## Preprocess input

In [4]:
import panflute as pf
import re

In [5]:
def my_filter(doc):
    bad_blocks = [pf.BlockQuote]
    filtered_doc = []
    for _, x in enumerate(doc):
        if type(x) in bad_blocks:
            continue
        markdown_output = pf.convert_text(x, input_format='panflute', output_format='markdown')
        markdown_output_single_line = re.sub(r'([^\n])\n([^\n])', r'\1 \2', markdown_output)
        markdown_output_single_line = re.sub(r'  +', r' ', markdown_output_single_line)
        filtered_doc.append(markdown_output_single_line)
        # filtered_doc += markdown_output_single_line.split('. ')
    return filtered_doc

Design choices

I chose to use `max_chars` instead of `max_tokens`, because while tokenization schemes change (and probably should be replaced by pure character-level encoding), characters stay.

Generally, setting `max_chars` to be about 1/4 of the total context window would be a safe choice. You can push up to 1/2 of the context window. More is not recommended, since the reply could be as long as the input.

According to [Greg Kamradt's tests](https://twitter.com/GregKamradt/status/1722386725635580292), GPT-4 128k has perfect recall up to 64k context window, so we should be fine using 32k token inputs. For typical English text, that means something like 60k characters.

In [6]:
def split_into_chunks(paragraphs, max_chars):
    """
    Split a list of paragraphs into chunks.

    :param paragraphs: List of paragraphs (each paragraph is a string).
    :param max_chars: Maximum number of characters allowed in a chunk.
    :return: List of chunks (each chunk is a list of paragraphs).
    """
    
    chunks = []
    current_chunk = []

    current_length = 0
    for para in paragraphs:
        para_length = len(para)

        # Check if the paragraph itself is too long
        if para_length > max_chars:
            raise ValueError(f"Paragraph exceeds the maximum character limit: {para_length} characters")

        # Check if adding this paragraph would exceed the max length
        if current_length + para_length <= max_chars:
            current_chunk.append(para)
            current_length += para_length
        else:
            # Start a new chunk
            chunks.append(current_chunk)
            current_chunk = [para]
            current_length = para_length

    # Add the last chunk if it's not empty
    if current_chunk:
        chunks.append(current_chunk)
    return chunks


## Make calls to GPT-4

In [16]:
from openai import OpenAI
import openai


def gpt_proofread(text, model="gpt-4-1106-preview"):
    prompt = """
You are a proofreader. The user provides a piece of R-markdown, and you will proofread it. Do not say anything else.
Do not simply perform an active-to-passive voice conversion. Do not improve the style. Restrict yourself to grammatical checks.
You MUST reply in this format:

a: <original sentence>
b: <rewritten sentence>

a: <original sentence>
b: <rewritten sentence>

...

Reply only rewritten sentences. Skip all other sentences. Do not reply anything else. If the text requires no change, return an empty string.
Do not use American-style quotation. Use logical quotation.
""".strip()
    example_user_1 = """
We use the convention putting derivative on the rows. This convention simplifies a lot of equations, and completely avoids transposing any matrix.

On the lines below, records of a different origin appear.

lemma matrix_norm_entry_bound:
  fixes nm :: "real^'n^'n \<Rightarrow> real"
  assumes nm: "is_matrix_norm nm"
  shows "\<exists>C\<ge>0. \<forall>X i j. \<bar>X$i$j\<bar> \<le> C * nm X"
proof -
  define E :: "'n \<Rightarrow> 'n \<Rightarrow> real^'n^'n" where
    "E i j = (\<chi> a c. if a = i \<and> c = j then 1 else 0)" for i j
  have nm_nonneg: "\<And>X. 0 \<le> nm X" and nm_zero: "\<And>X. nm X = 0 \<longleftrightarrow> X = 0"
    and nm_scale: "\<And>c X. nm (c *\<^sub>R X) = \<bar>c\<bar> * nm X"
    and nm_mult: "\<And>X Y. nm (X ** Y) \<le> nm X * nm Y"
    using nm unfolding is_matrix_norm_def by blast+
  have E_pos: "nm (E i j) > 0" for i j
  proof -
    have "E i j $ i $ j \<noteq> 0 $ i $ j" by (simp add: E_def)
    then show ?thesis using nm_nonneg[of "E i j"] nm_zero[of "E i j"] by force
  qed
  have left: "E i i ** X = (\<chi> a c. if a = i then X$i$c else 0)" for i X
    unfolding E_def matrix_matrix_mult_def
    by (simp add: vec_eq_iff if_distrib[of "\<lambda>x. x * _"] sum.If_cases)
  have right: "Y ** E j j = (\<chi> a c. if c = j then Y$a$j else 0)" for j Y
    unfolding E_def matrix_matrix_mult_def
    by (simp add: vec_eq_iff if_distrib[of "\<lambda>x. _ * x"] sum.If_cases)
  have bound: "\<bar>X$i$j\<bar> \<le> nm (E i i) * nm (E j j) / nm (E i j) * nm X" for i j X
  proof -
    have "E i i ** X ** E j j = X$i$j *\<^sub>R E i j"
      unfolding left right by (simp add: E_def vec_eq_iff)
    then have "\<bar>X$i$j\<bar> * nm (E i j) = nm (E i i ** X ** E j j)"
      by (simp add: nm_scale)
    also have "\<dots> \<le> nm (E i i ** X) * nm (E j j)"
      by (rule nm_mult)
    also have "\<dots> \<le> nm (E i i) * nm X * nm (E j j)"
      by (intro mult_right_mono nm_mult nm_nonneg)
    finally show ?thesis
      using E_pos[of i j] by (simp add: field_simps)
  qed
  define C where "C = (\<Sum>i\<in>UNIV. \<Sum>j\<in>UNIV. nm (E i i) * nm (E j j) / nm (E i j))"
  have terms_nonneg: "0 \<le> nm (E i i) * nm (E j j) / nm (E i j)" for i j
    by (simp add: nm_nonneg)
  have term_le_C: "nm (E i i) * nm (E j j) / nm (E i j) \<le> C" for i j
  proof -
    have "nm (E i i) * nm (E j j) / nm (E i j) \<le> (\<Sum>j\<in>UNIV. nm (E i i) * nm (E j j) / nm (E i j))"
      by (rule member_le_sum) (auto intro: terms_nonneg)
    also have "\<dots> \<le> C"
      unfolding C_def by (rule member_le_sum) (auto intro: sum_nonneg terms_nonneg)
    finally show ?thesis .
  qed
  have "\<bar>X$i$j\<bar> \<le> C * nm X" for X i j
    using bound[of X i j] mult_right_mono[OF term_le_C nm_nonneg] by (rule order_trans)
  moreover have "0 \<le> C"
    using terms_nonneg term_le_C order_trans by blast
  ultimately show ?thesis by blast
qed
lemma power2_ge_of_ge_diff:
  fixes M N c :: real
  assumes "0 \<le> N" "0 \<le> c" "N - c \<le> M"
  shows "N\<^sup>2 - 2 * N * c \<le> M\<^sup>2"
proof (cases "0 \<le> N - c")
  case True
  then have "(N - c)\<^sup>2 \<le> M\<^sup>2"
    using assms by (intro power_mono) auto
  moreover have "N\<^sup>2 - 2 * N * c \<le> (N - c)\<^sup>2"
    by (simp add: power2_eq_square algebra_simps)
  ultimately show ?thesis by linarith
next
  case False
  then have "N * (N - 2 * c) \<le> 0"
    using assms by (intro mult_nonneg_nonpos) auto
  then have "N\<^sup>2 - 2 * N * c \<le> 0"
    by (simp add: power2_eq_square algebra_simps)
  then show ?thesis
    using zero_le_power2[of M] by linarith
qed

lemma norm_add_scaleR_chord:
  fixes u v :: "'a::real_normed_vector"
  assumes "0 < l0" "l0 \<le> l"
  shows "l0 * (norm u - norm (u + l *\<^sub>R v)) \<le> l * (norm u - norm (u + l0 *\<^sub>R v))"
proof -
  have "l * norm (u + l0 *\<^sub>R v) = norm (l *\<^sub>R (u + l0 *\<^sub>R v))"
    using assms by simp
  also have "\<dots> = norm ((l - l0) *\<^sub>R u + l0 *\<^sub>R (u + l *\<^sub>R v))"
    by (rule arg_cong[where f = norm]) (simp add: algebra_simps)
  also have "\<dots> \<le> (l - l0) * norm u + l0 * norm (u + l *\<^sub>R v)"
    using assms by (intro order_trans[OF norm_triangle_ineq]) simp
  finally show ?thesis by (simp add: algebra_simps)
qed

In the next section, using the "pebble construction," they studied "Gamba perceptrons." They stated "MLPs are essentially Gamba perceptrons."
    """.strip()
    example_assistant_1 = """
a: We use the convention putting derivative on the rows.
b: We use the convention of putting the derivatives on the rows.

a: In the next section, using the "pebble construction," they studied "Gamba perceptrons."
b: In the next section, using the "pebble construction", they studied "Gamba perceptrons".

a: They stated "MLPs are essentially Gamba perceptrons."
b: They stated "MLPs are essentially Gamba perceptrons.".
    """
    example_user_2 = "That is, for any $X \subset R$, we have $\psi(X)=\psi(g(X))$."
    example_assistant_2 = ""
    client = OpenAI()
    response = client.chat.completions.create(model=model, 
                  messages=[{"role": "system", "content": prompt}, 
                            {"role": "user", "content": example_user_1},
                            {"role": "assistant", "content": example_assistant_1},
                            {"role": "user", "content": example_user_2},
                            {"role": "assistant", "content": example_assistant_2},
                            {"role": "user", "content": text}])
    return response

## Postprocess output

The most important problem we need to solve is fuzzy search, which might be necessary if the damned LLM does not return an exact string match.

In [20]:
from fuzzysearch import find_near_matches
from warnings import warn

def process_response(response, original_text="", max_l_dist=10):
    text = response.choices[0].message.content
    # Check that the input sequence satisfies a certain format
    prefix_list = [line.strip()[:2] for line in text.split('\n') if line.strip() != ""]
    prefix_string = ''.join(prefix_list)
    if not re.fullmatch(r"((\?|a):b:(c:)?)*", prefix_string):
        raise ValueError(f"Illegal response sequence:\n{prefix_string}")
        
    fixed_text_tuples = []
    for line in text.split('\n'):
        if line.strip() == "": continue
        if ":" not in line: raise ValueError(f"Illegal response:\n{stripped_line}\n{'-'*80}\nFound in text:\n{text}")
        prefix = line.split(':')[0]
        if prefix not in ["a", "b", "c"]: raise ValueError(f"Illegal response:\n{stripped_line}\n{'-'*80}\nFound in text:\n{text}")
            
        stripped_line = line[len(prefix)+1:].strip()
        if prefix == "a" and original_text and stripped_line not in original_text:
            warn(f"The proofreader returned a line of inexact match:\n{stripped_line}", UserWarning)
            fuzzy_search_result = find_near_matches(stripped_line, original_text, max_l_dist=max_l_dist)
            if fuzzy_search_result == []:
                prefix = "?"
                warn(f"The proofreader returned a line of unknown origin:\n{stripped_line}", UserWarning)
            else:
                stripped_line = fuzzy_search_result[0].matched
        fixed_text_tuples.append((prefix, stripped_line))

    fixed_text = ""
    for prefix, stripped_line in fixed_text_tuples:
        if prefix in "?a": fixed_text += "\n"
        fixed_text += f"{prefix} {stripped_line}\n"
    fixed_text = f"\n\n{fixed_text.strip()}"
    return fixed_text

Then, the human would have to go in and read through the file, annotate the selection by square brackets, then perform a single `multiple_replace`.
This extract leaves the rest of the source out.